◆ DATA FOR THIS TASK ◆
::::::

definition pres_group :: "'a set \<Rightarrow> 'a word set \<Rightarrow> 'a word set monoid" where
  "pres_group X R =
     \<lparr>carrier = pres_class X R ` words_on X,
      mult = (\<lambda>A B. pres_class X R ((SOME u. u \<in> A) @ (SOME v. v \<in> B))),
      one = pres_class X R []\<rparr>"

definition dehn_presentation :: "'a set \<Rightarrow> 'a word set \<Rightarrow> bool" where
  "dehn_presentation X R \<longleftrightarrow>
     (\<forall>w \<in> words_on X. w \<noteq> [] \<and> cyc_reduced w \<and> pres_eq X R w [] \<longrightarrow>
        (\<exists>v r. r \<in> symm_closure R \<and> (\<exists>p q. w = p @ v @ q) \<and> (\<exists>p q. r = p @ v @ q)
               \<and> length r < 2 * length v))"

datatype gen = Ga | Gb | Gc | Gd | Gr | Gs | Gt | Gu | Gv

abbreviation P :: "gen \<Rightarrow> gen letter" where "P x \<equiv> (x, True)"
abbreviation N :: "gen \<Rightarrow> gen letter" where "N x \<equiv> (x, False)"

text \<open>Standard presentation of the fundamental group of the closed orientable surface of genus 2.\<close>
definition X0 :: "gen set" where "X0 = {Ga, Gb, Gc, Gd}"
definition R0 :: "gen word set" where
  "R0 = {[P Ga, P Gb, N Ga, N Gb, P Gc, P Gd, N Gc, N Gd]}"

definition X1 :: "gen set" where "X1 = {Ga, Gb, Gc, Gd, Gr, Gs}"
definition R1 :: "gen word set" where
  "R1 = {[P Ga, P Gb, N Ga, P Gr], [N Gr, N Gb, P Gc, P Gs], [N Gs, P Gd, N Gc, N Gd]}"

definition X2 :: "gen set" where "X2 = {Ga, Gb, Gc, Gd, Gr, Gs, Gt, Gu, Gv}"
definition R2 :: "gen word set" where
  "R2 = {[P Ga, P Gb, P Gr], [N Gr, N Ga, P Gs], [N Gs, N Gb, P Gt],
         [N Gt, P Gc, P Gu], [N Gu, P Gd, P Gv], [N Gv, N Gc, N Gd]}"

end

theory Submission
  imports Defs
begin

(* Both presentations arise from the one-relator presentation
   <a, b, c, d | a b a^-1 b^-1 c d c^-1 d^-1> of the genus-two surface group by cutting its relator
   into short pieces joined by new generators; eliminating these generators again is a Tietze
   transformation, which gives the isomorphisms. Distinct cyclic conjugates never share their first two letters, so every
   piece is a single letter and C(4), C(3) follow from the relator lengths 4 and 3. T(q) fails
   exactly when cancelling pairs form a closed walk of length h with 3 <= h < q, and there is none.
   Finally, each presentation has a nonempty cyclically reduced word that is trivial (certified by
   inserting relators into its image in the one-relator presentation) but shares no subword of
   length 3, resp. 2, with a relator, whereas more than half of a relator has at least that length. *)

lemma linv_linv [simp]: "linv (linv l) = l"
  by (simp add: linv_def)

lemma fst_linv [simp]: "fst (linv l) = fst l"
  by (simp add: linv_def)

lemma winv_Nil [simp]: "winv [] = []"
  by (simp add: winv_def)

lemma winv_Cons [simp]: "winv (l # w) = winv w @ [linv l]"
  by (simp add: winv_def)

lemma winv_append [simp]: "winv (u @ v) = winv v @ winv u"
  by (simp add: winv_def)

lemma winv_winv [simp]: "winv (winv w) = w"
  by (induct w) auto

lemma words_on_Nil [simp]: "[] \<in> words_on X"
  by (simp add: words_on_def)

lemma words_on_Cons [simp]: "l # w \<in> words_on X \<longleftrightarrow> fst l \<in> X \<and> w \<in> words_on X"
  by (auto simp: words_on_def)

lemma words_on_append [simp]: "u @ v \<in> words_on X \<longleftrightarrow> u \<in> words_on X \<and> v \<in> words_on X"
  by (auto simp: words_on_def)

lemma words_on_winv [simp]: "winv w \<in> words_on X \<longleftrightarrow> w \<in> words_on X"
  by (induct w) auto

lemma words_on_rotate [simp]: "rotate k w \<in> words_on X \<longleftrightarrow> w \<in> words_on X"
  by (simp add: words_on_def)

lemma words_on_take: "w \<in> words_on X \<Longrightarrow> take i w \<in> words_on X"
  by (auto simp: words_on_def dest: in_set_takeD)

lemma words_on_drop: "w \<in> words_on X \<Longrightarrow> drop i w \<in> words_on X"
  by (auto simp: words_on_def dest: in_set_dropD)

lemma words_on_mono: "X \<subseteq> Y \<Longrightarrow> w \<in> words_on X \<Longrightarrow> w \<in> words_on Y"
  by (auto simp: words_on_def)

lemma freely_reduced_Nil [simp]: "freely_reduced []"
  by (simp add: freely_reduced_def)

lemma freely_reduced_singleton [simp]: "freely_reduced [l]"
  by (simp add: freely_reduced_def)

lemma freely_reduced_Cons_Cons [simp]:
  "freely_reduced (l # m # w) \<longleftrightarrow> m \<noteq> linv l \<and> freely_reduced (m # w)"
  unfolding freely_reduced_def by (auto simp: nth_Cons split: nat.splits)

section \<open>Equality in a presented group\<close>

lemma equivclp_map:
  assumes "\<And>u v. r u v \<Longrightarrow> equivclp s (f u) (f v)" and "equivclp r a b"
  shows "equivclp s (f a) (f b)"
  using assms(2)
proof (induct rule: equivclp_induct)
  case (step b c)
  from step.hyps(2) have "equivclp s (f b) (f c)"
    by (auto intro: assms(1) equivclp_sym[OF assms(1)])
  with step.hyps(3) show ?case
    by (rule equivclp_trans)
qed simp

lemma pres_eq_refl [simp]: "pres_eq X R w w"
  by (simp add: pres_eq_def)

::::::

◆ EXERCISE DETAILS ◆
Using the records above, count the lines that hold the string "from", and give back only the result.

◆ ANSWER ◆
3